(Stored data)
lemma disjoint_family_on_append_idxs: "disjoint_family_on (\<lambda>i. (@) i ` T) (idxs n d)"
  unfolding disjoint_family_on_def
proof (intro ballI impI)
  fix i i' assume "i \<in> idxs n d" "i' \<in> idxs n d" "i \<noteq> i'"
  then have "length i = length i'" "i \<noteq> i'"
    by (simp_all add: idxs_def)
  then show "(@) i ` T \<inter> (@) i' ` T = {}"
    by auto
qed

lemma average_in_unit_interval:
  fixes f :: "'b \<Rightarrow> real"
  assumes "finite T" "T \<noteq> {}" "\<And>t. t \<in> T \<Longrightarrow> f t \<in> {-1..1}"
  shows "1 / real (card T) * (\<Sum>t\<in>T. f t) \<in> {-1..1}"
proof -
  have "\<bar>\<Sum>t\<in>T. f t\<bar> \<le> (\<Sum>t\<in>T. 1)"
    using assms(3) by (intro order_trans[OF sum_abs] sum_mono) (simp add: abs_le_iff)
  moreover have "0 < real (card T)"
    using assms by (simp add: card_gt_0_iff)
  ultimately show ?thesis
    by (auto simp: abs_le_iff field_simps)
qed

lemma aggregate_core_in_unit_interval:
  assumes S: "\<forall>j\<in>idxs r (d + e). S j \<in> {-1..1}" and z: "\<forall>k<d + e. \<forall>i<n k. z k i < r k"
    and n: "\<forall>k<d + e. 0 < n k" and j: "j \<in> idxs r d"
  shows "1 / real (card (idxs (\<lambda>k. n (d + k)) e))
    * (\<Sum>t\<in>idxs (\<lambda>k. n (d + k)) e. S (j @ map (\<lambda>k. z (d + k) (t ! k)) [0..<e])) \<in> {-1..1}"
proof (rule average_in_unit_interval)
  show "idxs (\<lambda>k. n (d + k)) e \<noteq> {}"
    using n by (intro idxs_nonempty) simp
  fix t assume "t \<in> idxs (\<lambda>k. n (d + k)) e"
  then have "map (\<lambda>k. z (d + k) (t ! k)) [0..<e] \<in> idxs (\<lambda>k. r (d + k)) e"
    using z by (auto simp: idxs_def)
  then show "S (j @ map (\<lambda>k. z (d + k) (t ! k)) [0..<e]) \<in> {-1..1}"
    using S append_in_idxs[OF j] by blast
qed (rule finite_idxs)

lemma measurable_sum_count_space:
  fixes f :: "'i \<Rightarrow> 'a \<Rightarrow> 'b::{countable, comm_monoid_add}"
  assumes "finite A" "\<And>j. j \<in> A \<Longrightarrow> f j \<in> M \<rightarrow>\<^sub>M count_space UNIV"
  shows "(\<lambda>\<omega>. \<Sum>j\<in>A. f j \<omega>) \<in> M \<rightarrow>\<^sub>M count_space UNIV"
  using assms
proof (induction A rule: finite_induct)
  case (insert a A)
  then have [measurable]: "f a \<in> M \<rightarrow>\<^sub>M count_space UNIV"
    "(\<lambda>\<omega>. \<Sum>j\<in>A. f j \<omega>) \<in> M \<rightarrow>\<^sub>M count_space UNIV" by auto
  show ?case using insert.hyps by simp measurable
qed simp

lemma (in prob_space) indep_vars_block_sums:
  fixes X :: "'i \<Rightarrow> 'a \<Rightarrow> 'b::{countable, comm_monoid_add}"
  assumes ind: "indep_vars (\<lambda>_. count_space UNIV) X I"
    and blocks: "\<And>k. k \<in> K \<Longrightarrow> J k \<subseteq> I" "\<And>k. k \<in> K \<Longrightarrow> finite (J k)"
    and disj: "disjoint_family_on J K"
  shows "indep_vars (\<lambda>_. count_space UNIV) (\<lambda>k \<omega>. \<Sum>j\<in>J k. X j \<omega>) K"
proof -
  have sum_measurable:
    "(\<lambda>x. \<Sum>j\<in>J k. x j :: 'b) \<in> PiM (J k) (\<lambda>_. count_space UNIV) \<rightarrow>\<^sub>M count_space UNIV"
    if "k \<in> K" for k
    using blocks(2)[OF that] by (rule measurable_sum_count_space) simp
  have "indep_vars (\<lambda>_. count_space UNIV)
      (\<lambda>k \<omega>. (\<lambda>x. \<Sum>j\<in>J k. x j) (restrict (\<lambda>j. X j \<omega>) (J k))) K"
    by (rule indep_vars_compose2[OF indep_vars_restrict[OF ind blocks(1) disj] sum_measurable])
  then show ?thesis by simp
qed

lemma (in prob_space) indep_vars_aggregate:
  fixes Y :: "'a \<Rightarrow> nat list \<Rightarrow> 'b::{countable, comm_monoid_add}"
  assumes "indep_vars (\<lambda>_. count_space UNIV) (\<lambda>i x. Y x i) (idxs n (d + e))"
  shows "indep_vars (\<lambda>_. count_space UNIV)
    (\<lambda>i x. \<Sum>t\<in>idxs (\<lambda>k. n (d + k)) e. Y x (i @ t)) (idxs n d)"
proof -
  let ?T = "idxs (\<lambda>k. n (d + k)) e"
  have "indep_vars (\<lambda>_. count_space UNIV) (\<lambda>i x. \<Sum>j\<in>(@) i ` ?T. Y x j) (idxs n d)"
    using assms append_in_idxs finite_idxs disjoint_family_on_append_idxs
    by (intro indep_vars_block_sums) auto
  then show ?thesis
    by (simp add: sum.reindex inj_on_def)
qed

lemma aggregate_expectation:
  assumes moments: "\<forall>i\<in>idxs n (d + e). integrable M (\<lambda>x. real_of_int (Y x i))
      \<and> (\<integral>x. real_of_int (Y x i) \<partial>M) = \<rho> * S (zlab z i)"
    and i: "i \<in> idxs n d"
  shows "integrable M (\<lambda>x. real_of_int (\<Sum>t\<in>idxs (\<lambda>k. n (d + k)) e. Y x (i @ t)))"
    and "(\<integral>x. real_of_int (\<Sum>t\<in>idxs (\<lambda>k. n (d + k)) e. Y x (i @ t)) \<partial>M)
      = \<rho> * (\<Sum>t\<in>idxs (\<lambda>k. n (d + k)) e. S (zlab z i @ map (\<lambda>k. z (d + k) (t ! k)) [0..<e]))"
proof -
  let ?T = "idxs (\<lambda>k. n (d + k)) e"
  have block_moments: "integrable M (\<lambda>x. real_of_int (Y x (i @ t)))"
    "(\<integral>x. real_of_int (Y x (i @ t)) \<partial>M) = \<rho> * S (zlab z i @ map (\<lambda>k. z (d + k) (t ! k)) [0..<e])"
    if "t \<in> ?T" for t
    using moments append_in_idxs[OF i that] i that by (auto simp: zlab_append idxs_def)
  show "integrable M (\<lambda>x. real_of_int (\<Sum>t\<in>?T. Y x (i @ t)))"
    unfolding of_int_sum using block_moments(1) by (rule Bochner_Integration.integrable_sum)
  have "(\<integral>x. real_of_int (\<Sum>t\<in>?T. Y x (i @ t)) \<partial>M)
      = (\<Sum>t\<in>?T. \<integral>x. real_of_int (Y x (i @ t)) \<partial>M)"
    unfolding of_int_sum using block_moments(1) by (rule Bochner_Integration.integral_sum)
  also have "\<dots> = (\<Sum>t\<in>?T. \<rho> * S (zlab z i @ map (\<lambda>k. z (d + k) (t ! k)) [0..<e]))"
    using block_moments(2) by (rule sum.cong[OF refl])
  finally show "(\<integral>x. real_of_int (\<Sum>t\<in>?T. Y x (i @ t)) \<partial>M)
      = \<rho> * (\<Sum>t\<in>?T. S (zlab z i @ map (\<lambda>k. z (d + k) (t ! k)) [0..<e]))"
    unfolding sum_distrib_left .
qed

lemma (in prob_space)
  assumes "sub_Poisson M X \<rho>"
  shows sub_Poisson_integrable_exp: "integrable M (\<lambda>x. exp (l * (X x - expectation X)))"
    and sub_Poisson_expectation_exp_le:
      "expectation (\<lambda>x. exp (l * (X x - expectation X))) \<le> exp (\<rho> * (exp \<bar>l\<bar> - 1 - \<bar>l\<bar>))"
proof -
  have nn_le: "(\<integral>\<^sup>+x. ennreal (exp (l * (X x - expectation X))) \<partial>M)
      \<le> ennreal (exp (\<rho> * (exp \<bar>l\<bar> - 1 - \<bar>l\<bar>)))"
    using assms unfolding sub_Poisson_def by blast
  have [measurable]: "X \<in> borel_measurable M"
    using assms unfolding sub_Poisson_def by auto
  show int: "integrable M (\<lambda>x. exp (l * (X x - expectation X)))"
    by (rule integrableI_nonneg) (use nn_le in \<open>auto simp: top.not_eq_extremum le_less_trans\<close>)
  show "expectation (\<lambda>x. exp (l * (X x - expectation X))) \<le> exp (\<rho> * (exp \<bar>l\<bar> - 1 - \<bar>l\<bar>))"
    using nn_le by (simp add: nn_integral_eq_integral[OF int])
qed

What is expected: Set down exactly the line that holds "by (rule integrableI_nonneg)" and all lines after it to the end of the data.

Exercise solution:
    by (rule integrableI_nonneg) (use nn_le in \<open>auto simp: top.not_eq_extremum le_less_trans\<close>)
  show "expectation (\<lambda>x. exp (l * (X x - expectation X))) \<le> exp (\<rho> * (exp \<bar>l\<bar> - 1 - \<bar>l\<bar>))"
    using nn_le by (simp add: nn_integral_eq_integral[OF int])
qed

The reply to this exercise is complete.